1. Decide what must never go down
Before touching VLANs or firewalls, write a tiny list:
- Internet for the house
- NAS data (photos, docs)
- VPN in from outside
Treat those as “protected.” Everything else is sacrificial.
2. Physically separate “always on” from “experimental”
Instead of more VLANs, use more NICs and ports:
- One NIC from your router or firewall to a small unmanaged switch for family / daily devices.
- Another NIC to the managed switch where your homelab lives.
Even if you nuke routing on the lab side, home internet still works. This is boring and extremely reliable.
3. Put your hypervisor behind a jump box
Rather than opening Proxmox/ESXi UI to your whole LAN, run:
- One small VM as a “management” jump box with SSH / RDP.
- Only your desktop can reach that VM.
- Hypervisor UI and NAS UI are only reachable from that VM.
You get a natural workflow: “log into jump box, then manage everything.” Great practice for real environments and safer than wide-open UIs.

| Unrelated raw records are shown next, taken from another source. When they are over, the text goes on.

text \<open>Canonical form diag(e1 E, e2 E), diag(e1 E J_2(l1), e2 E J_2(l2)), E the 2x2 anti-identity.\<close>
definition canonA22 :: "real \<Rightarrow> real \<Rightarrow> real^4^4" where
  "canonA22 e1 e2 = vector [vector [0, e1, 0, 0], vector [e1, 0, 0, 0],
                            vector [0, 0, 0, e2], vector [0, 0, e2, 0]]"

definition canonB22 :: "real \<Rightarrow> real \<Rightarrow> real \<Rightarrow> real \<Rightarrow> real^4^4" where
  "canonB22 e1 e2 l1 l2 = vector [vector [0, e1 * l1, 0, 0], vector [e1 * l1, e1, 0, 0],
                                  vector [0, 0, 0, e2 * l2], vector [0, 0, e2 * l2, e2]]"

definition block_signs22 :: "real^4^4 \<Rightarrow> real^4^4 \<Rightarrow> real \<Rightarrow> real \<Rightarrow> real \<Rightarrow> real \<Rightarrow> bool" where
  "block_signs22 A B l1 l2 e1 e2 \<longleftrightarrow> e1 \<in> {-1, 1} \<and> e2 \<in> {-1, 1} \<and>
     (\<exists>Q::real^4^4. invertible Q \<and> transpose Q ** A ** Q = canonA22 e1 e2
                   \<and> transpose Q ** B ** Q = canonB22 e1 e2 l1 l2)"

section \<open>Index sequences <s0 (wr wr)_e1 s1 (wr wr)_e2 s2> and their equivalence\<close>

type_synonym iseq22 = "nat \<times> real \<times> nat \<times> real \<times> nat"

text \<open>Index sequence for roots l1 < l2; s_j = value of Id on the j-th interval
  (sampled at a point of the interval; Id is constant on each interval).\<close>
definition index_seq22 :: "real^4^4 \<Rightarrow> real^4^4 \<Rightarrow> real \<Rightarrow> real \<Rightarrow> real \<Rightarrow> real \<Rightarrow> iseq22" where
  "index_seq22 A B l1 l2 e1 e2 =
     (Id_pencil A B (l1 - 1), e1, Id_pencil A B ((l1 + l2) / 2), e2, Id_pencil A B (l2 + 1))"

fun seq_rot :: "iseq22 \<Rightarrow> iseq22" where
  "seq_rot (s0, e1, s1, e2, s2) = (s1, e2, s2, e1, s1)"

fun seq_rev :: "iseq22 \<Rightarrow> iseq22" where
  "seq_rev (s0, e1, s1, e2, s2) = (s2, e2, s1, e1, s0)"

fun seq_compl :: "iseq22 \<Rightarrow> iseq22" where
  "seq_compl (s0, e1, s1, e2, s2) = (4 - s0, - e1, 4 - s1, - e2, 4 - s2)"

definition seq_step :: "iseq22 \<Rightarrow> iseq22 \<Rightarrow> bool" where
  "seq_step x y \<longleftrightarrow> y = seq_rot x \<or> y = seq_rev x \<or> y = seq_compl x"

definition seq_equiv :: "iseq22 \<Rightarrow> iseq22 \<Rightarrow> bool" where
  "seq_equiv = equivclp seq_step"

section \<open>The QSIC and its components (complex points, as cones in C^4 minus 0)\<close>

definition cmat :: "real^4^4 \<Rightarrow> complex^4^4" where
  "cmat M = (\<chi> i j. complex_of_real (M $ i $ j))"

definition cvec :: "real^4 \<Rightarrow> complex^4" where
  "cvec v = (\<chi> i. complex_of_real (v $ i))"

definition qform :: "real^4^4 \<Rightarrow> complex^4 \<Rightarrow> complex" where
  "qform A X = (\<Sum>i\<in>UNIV. \<Sum>j\<in>UNIV. X $ i * complex_of_real (A $ i $ j) * X $ j)"

definition qsic :: "real^4^4 \<Rightarrow> real^4^4 \<Rightarrow> (complex^4) set" where
  "qsic A B = {X. X \<noteq> 0 \<and> qform A X = 0 \<and> qform B X = 0}"

definition real_line :: "real^4 \<Rightarrow> real^4 \<Rightarrow> (complex^4) set" where
  "real_line u v = {X. X \<noteq> 0 \<and> (\<exists>a b. X = a *s cvec u + b *s cvec v)}"

definition lin_indep2 :: "real^4 \<Rightarrow> real^4 \<Rightarrow> bool" where
  "lin_indep2 u v \<longleftrightarrow> (\<forall>a b::real. a *\<^sub>R u + b *\<^sub>R v = 0 \<longrightarrow> a = 0 \<and> b = 0)"

text \<open>Space cubic (twisted cubic) curve: projective image of the rational normal curve
  [s:t] -> [s^3 : s^2 t : s t^2 : t^3] under a real projective transformation M.\<close>
definition space_cubic :: "real^4^4 \<Rightarrow> (complex^4) set" where
  "space_cubic M = {cmat M *v vector [s^3, s^2 * t, s * t^2, t^3] | s t. (s, t) \<noteq> (0, 0)}"

definition real_point :: "real^4 \<Rightarrow> (complex^4) set" where
  "real_point p = {c *s cvec p | c. c \<noteq> 0}"

end

theory Submission
  imports Defs
begin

4. Logging and rollback first, experiments second
Both replies already mentioned backups. I’d add:
- Central syslog or a simple log collector VM.
- Version control for configs (router exports, Ansible playbooks, Docker compose files).
If you break routing in your OPNsense/pfSense box at 1 AM, a known good config file is worth more than fancy VLAN layouts.
5. About VLANs: use them, but do not tie reliability to them
I side slightly with @kakeru here: you can start without them. When you add them:
- Assume VLANs are for cleanliness and security, not core reliability.
- Test changes on a single lab port first, never on the trunk that feeds your AP and main switch at the same time.
Otherwise one mis-tag and you are on a ladder debugging why Wi‑Fi is dead.
6. “High availability” in a homelab is mostly about spares
Everyone dreams of clusters. In practice:
- One extra cheap switch on a shelf beats an early Proxmox cluster if your main switch dies.
- A spare router or an old Wi‑Fi unit in AP mode restores the house quickly.
You can still play with clustering, but don’t confuse “cool” with “reliable.”
7. On products like ’
If you consider something in the category of ', treat it as a convenience layer, not magic:
- Pros: usually easier UI, quick setup, nice dashboards, sometimes app stores or container templates.
- Cons: can hide complexity, harder to migrate away from, sometimes opinionated defaults that fight with custom firewalling.
Use it if it helps you start faster, but keep understanding at the router, switch and hypervisor level so you are not locked in.
8. Comparing approaches briefly
- @sternenwanderer gave you the “methodical, phase based” growth path that keeps mental overhead lower. Great if you want to ease into networking.
- @kakeru outlined a more structured, VLAN heavy design that feels like a small enterprise network. Good for learning how proper segmentation works.
You do not have to pick one camp. Combine them:
- Physically separate home vs lab for reliability.
- Add a single LAB VLAN on the lab side for practice.
- Use a jump box and logging so you can screw up safely.
That mix gets you a network you can learn on without your NAS, partner or roommates revolting every time you try something new.